What is needed → Give back exactly the stretch of data below from the line holding "z = of_real" through the line holding "z * sq_norm_vec", both ends included, and leave the remaining lines out.

┄┄┄┄┄┄┄┄┄┄┄┄┄┄┄┄┄┄┄┄

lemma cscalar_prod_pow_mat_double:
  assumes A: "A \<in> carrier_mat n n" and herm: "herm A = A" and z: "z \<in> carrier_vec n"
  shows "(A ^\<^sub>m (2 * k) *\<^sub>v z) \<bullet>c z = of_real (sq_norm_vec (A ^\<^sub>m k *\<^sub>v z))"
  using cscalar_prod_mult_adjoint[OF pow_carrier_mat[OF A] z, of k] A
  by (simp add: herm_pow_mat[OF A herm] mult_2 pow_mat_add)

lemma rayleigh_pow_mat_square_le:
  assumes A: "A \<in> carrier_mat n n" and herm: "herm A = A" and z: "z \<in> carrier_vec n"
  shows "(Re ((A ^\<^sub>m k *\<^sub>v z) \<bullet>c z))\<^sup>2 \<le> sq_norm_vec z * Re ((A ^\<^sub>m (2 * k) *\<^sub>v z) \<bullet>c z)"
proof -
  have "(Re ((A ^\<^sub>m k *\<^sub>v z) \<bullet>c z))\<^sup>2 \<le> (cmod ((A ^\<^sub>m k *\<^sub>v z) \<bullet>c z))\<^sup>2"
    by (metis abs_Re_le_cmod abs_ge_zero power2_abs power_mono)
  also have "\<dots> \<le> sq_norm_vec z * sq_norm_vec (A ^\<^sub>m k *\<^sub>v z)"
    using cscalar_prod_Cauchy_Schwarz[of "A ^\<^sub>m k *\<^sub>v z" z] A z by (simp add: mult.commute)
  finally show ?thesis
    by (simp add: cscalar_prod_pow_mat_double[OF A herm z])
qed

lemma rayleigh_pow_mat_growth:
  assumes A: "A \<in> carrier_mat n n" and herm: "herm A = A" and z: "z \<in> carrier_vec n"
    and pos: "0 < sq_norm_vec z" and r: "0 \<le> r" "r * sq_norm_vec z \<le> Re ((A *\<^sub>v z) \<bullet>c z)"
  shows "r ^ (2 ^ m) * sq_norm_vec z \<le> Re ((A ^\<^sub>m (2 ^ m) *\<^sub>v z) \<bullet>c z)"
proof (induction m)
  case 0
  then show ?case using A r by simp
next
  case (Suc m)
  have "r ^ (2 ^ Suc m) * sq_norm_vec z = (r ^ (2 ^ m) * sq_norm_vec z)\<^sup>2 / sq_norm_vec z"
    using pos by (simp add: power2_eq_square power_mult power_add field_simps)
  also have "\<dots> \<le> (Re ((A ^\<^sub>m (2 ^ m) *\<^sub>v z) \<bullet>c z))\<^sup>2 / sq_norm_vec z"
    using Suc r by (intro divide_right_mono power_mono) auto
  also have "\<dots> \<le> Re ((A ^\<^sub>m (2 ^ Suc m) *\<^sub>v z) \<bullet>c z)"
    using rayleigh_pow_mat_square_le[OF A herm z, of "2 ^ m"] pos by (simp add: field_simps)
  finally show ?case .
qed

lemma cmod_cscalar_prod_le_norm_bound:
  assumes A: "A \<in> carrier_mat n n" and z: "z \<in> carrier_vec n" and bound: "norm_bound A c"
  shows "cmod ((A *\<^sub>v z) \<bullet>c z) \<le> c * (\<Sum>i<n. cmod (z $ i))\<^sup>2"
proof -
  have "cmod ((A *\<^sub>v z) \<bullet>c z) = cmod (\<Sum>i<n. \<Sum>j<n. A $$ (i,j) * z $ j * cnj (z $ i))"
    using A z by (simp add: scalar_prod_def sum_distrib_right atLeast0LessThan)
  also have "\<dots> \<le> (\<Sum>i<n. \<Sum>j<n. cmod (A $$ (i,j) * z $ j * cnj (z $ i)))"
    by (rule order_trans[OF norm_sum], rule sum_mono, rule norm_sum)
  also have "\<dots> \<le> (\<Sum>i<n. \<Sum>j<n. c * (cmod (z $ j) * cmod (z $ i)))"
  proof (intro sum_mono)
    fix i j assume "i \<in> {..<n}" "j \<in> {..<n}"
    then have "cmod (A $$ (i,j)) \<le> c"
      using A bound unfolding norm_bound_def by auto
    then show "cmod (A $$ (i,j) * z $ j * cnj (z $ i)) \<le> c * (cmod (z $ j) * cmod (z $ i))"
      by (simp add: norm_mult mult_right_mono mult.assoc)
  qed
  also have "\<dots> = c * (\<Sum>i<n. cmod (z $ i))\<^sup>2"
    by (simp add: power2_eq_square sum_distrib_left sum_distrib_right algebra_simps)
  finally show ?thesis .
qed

┄┄┄┄┄┄┄┄┄┄┄┄┄┄┄┄┄┄┄┄

Answer →
  shows "(A ^\<^sub>m (2 * k) *\<^sub>v z) \<bullet>c z = of_real (sq_norm_vec (A ^\<^sub>m k *\<^sub>v z))"
  using cscalar_prod_mult_adjoint[OF pow_carrier_mat[OF A] z, of k] A
  by (simp add: herm_pow_mat[OF A herm] mult_2 pow_mat_add)

lemma rayleigh_pow_mat_square_le:
  assumes A: "A \<in> carrier_mat n n" and herm: "herm A = A" and z: "z \<in> carrier_vec n"
  shows "(Re ((A ^\<^sub>m k *\<^sub>v z) \<bullet>c z))\<^sup>2 \<le> sq_norm_vec z * Re ((A ^\<^sub>m (2 * k) *\<^sub>v z) \<bullet>c z)"
proof -
  have "(Re ((A ^\<^sub>m k *\<^sub>v z) \<bullet>c z))\<^sup>2 \<le> (cmod ((A ^\<^sub>m k *\<^sub>v z) \<bullet>c z))\<^sup>2"
    by (metis abs_Re_le_cmod abs_ge_zero power2_abs power_mono)
  also have "\<dots> \<le> sq_norm_vec z * sq_norm_vec (A ^\<^sub>m k *\<^sub>v z)"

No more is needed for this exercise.